Data in this exercise:
[Start of Attachment]
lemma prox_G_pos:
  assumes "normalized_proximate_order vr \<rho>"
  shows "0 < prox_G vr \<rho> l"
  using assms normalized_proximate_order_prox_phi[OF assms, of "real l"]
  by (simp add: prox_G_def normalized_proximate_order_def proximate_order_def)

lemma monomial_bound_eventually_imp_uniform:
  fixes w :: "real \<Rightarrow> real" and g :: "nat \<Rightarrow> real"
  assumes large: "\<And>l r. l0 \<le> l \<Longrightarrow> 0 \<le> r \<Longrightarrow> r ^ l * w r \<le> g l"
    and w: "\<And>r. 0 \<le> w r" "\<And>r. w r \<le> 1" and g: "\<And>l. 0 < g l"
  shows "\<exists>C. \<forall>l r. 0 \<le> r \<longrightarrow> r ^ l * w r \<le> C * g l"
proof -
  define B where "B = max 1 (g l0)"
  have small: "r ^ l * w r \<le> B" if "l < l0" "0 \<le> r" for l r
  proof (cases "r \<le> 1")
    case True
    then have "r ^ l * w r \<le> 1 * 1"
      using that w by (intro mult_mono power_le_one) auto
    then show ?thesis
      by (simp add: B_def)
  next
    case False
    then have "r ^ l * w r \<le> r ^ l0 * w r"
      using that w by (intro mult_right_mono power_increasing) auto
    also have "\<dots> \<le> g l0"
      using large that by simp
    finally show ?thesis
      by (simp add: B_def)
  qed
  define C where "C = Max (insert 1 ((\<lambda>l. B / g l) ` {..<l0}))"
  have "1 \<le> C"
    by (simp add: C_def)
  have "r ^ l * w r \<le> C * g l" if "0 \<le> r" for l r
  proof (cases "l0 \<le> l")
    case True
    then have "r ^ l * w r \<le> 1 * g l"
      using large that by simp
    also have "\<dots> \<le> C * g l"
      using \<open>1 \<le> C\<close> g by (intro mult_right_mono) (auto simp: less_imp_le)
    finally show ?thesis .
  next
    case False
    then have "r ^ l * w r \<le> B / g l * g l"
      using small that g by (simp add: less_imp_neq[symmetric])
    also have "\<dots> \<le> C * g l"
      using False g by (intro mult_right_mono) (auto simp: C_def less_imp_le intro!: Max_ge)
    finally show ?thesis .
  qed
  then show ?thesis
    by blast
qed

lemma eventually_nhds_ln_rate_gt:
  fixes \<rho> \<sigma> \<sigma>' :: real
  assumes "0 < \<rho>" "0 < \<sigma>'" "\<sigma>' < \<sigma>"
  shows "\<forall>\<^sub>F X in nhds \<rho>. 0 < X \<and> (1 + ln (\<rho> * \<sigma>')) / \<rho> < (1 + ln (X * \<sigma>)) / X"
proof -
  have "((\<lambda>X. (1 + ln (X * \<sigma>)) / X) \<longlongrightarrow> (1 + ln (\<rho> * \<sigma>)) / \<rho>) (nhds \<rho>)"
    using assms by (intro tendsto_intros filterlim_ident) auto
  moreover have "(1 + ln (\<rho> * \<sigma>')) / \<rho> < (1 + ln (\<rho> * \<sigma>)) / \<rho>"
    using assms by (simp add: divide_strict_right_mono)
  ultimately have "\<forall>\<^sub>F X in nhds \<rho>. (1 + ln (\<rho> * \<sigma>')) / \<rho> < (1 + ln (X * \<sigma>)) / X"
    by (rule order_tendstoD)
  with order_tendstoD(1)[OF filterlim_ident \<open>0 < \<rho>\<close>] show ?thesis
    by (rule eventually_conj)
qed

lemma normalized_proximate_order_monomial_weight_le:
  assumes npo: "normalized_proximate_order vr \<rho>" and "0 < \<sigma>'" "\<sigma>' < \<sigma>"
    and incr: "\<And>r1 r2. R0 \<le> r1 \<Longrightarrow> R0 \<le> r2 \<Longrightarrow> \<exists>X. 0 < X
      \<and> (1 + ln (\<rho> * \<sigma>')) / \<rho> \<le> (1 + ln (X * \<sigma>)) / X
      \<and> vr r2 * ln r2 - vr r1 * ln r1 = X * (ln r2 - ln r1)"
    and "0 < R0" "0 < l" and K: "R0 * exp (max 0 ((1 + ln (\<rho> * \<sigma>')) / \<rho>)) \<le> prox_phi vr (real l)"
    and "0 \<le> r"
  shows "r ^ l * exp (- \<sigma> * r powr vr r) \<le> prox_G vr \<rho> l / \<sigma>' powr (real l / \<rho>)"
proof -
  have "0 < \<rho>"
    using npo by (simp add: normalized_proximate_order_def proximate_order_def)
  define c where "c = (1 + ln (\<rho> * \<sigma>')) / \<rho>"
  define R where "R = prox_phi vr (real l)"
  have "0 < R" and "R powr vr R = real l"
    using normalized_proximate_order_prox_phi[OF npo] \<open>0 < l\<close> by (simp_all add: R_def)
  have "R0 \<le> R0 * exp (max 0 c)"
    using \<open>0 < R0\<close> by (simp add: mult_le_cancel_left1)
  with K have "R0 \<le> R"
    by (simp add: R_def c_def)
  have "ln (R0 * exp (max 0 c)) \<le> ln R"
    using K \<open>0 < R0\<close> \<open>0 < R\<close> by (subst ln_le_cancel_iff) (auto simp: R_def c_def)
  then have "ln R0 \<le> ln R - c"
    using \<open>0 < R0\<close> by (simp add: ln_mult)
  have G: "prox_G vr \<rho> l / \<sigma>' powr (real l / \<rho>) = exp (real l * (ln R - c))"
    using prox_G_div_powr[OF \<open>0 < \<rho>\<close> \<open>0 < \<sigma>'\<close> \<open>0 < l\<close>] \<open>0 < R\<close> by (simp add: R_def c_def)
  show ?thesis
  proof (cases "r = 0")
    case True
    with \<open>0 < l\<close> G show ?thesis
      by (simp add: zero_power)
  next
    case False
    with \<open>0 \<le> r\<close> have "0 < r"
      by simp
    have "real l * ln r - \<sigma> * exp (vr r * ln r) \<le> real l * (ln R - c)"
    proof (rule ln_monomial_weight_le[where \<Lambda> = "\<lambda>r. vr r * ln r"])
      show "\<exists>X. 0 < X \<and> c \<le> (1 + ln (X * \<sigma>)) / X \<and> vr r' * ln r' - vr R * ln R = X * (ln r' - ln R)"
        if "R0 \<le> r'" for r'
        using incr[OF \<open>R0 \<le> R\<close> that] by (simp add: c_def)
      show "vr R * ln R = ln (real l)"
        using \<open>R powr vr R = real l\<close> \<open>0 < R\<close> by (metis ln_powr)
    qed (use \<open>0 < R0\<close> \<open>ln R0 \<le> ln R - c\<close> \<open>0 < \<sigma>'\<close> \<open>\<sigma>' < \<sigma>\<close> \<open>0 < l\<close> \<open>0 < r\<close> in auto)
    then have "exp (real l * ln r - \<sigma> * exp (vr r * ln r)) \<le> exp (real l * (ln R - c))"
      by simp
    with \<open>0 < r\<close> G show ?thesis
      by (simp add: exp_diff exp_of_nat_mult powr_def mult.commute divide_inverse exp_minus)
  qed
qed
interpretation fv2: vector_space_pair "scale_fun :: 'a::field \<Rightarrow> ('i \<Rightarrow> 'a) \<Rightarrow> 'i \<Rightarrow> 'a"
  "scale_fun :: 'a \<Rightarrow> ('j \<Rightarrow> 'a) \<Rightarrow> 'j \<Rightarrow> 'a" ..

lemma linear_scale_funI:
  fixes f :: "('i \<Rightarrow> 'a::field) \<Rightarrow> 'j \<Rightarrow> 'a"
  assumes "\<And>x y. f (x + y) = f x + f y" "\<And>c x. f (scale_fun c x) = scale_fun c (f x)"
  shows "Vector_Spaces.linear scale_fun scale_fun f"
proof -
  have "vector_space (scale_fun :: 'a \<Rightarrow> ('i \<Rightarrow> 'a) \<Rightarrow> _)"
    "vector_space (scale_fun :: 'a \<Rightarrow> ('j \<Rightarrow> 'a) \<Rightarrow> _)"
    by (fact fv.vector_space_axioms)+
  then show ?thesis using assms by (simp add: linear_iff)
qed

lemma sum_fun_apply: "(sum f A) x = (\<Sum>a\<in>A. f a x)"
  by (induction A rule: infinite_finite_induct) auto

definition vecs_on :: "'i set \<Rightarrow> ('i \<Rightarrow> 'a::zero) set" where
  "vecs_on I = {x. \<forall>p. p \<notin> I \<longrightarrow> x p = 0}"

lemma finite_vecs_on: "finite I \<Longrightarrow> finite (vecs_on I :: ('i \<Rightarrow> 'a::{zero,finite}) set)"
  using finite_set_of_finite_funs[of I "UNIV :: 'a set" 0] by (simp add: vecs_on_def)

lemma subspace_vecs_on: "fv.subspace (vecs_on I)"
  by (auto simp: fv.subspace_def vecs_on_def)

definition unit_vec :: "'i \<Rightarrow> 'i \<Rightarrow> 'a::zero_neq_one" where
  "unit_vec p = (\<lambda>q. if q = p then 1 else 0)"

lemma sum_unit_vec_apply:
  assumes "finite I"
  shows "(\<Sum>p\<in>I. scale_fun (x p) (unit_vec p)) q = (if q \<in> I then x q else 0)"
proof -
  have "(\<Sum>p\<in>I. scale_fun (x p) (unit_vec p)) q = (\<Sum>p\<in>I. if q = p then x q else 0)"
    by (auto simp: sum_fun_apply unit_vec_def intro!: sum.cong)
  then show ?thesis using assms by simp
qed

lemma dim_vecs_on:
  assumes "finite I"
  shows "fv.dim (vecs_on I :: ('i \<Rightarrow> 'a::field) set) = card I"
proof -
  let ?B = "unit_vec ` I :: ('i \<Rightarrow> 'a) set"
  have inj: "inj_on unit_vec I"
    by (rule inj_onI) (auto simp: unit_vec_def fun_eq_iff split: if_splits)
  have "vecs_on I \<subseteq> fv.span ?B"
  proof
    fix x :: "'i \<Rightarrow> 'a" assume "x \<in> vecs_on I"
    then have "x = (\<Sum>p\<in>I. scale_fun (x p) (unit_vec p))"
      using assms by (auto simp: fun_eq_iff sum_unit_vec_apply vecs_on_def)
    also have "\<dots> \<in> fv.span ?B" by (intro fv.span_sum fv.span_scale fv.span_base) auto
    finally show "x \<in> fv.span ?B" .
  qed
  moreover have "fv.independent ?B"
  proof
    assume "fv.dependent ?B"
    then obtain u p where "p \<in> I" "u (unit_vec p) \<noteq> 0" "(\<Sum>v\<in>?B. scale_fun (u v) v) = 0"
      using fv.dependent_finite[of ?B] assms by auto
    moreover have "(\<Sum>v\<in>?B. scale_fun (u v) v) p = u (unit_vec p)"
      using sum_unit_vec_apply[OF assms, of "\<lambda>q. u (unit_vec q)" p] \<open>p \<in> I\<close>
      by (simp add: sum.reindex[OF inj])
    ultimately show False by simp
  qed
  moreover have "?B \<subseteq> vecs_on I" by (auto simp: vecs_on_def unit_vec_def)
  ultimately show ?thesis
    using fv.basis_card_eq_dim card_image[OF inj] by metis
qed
[End of Attachment]
What needs to be done:
Task for the records above: copy every line in which the word "intro" occurs.

Solution:
      using that w by (intro mult_mono power_le_one) auto
      using that w by (intro mult_right_mono power_increasing) auto
      using \<open>1 \<le> C\<close> g by (intro mult_right_mono) (auto simp: less_imp_le)
      using False g by (intro mult_right_mono) (auto simp: C_def less_imp_le intro!: Max_ge)
    using assms by (intro tendsto_intros filterlim_ident) auto
    by (auto simp: sum_fun_apply unit_vec_def intro!: sum.cong)
    also have "\<dots> \<in> fv.span ?B" by (intro fv.span_sum fv.span_scale fv.span_base) auto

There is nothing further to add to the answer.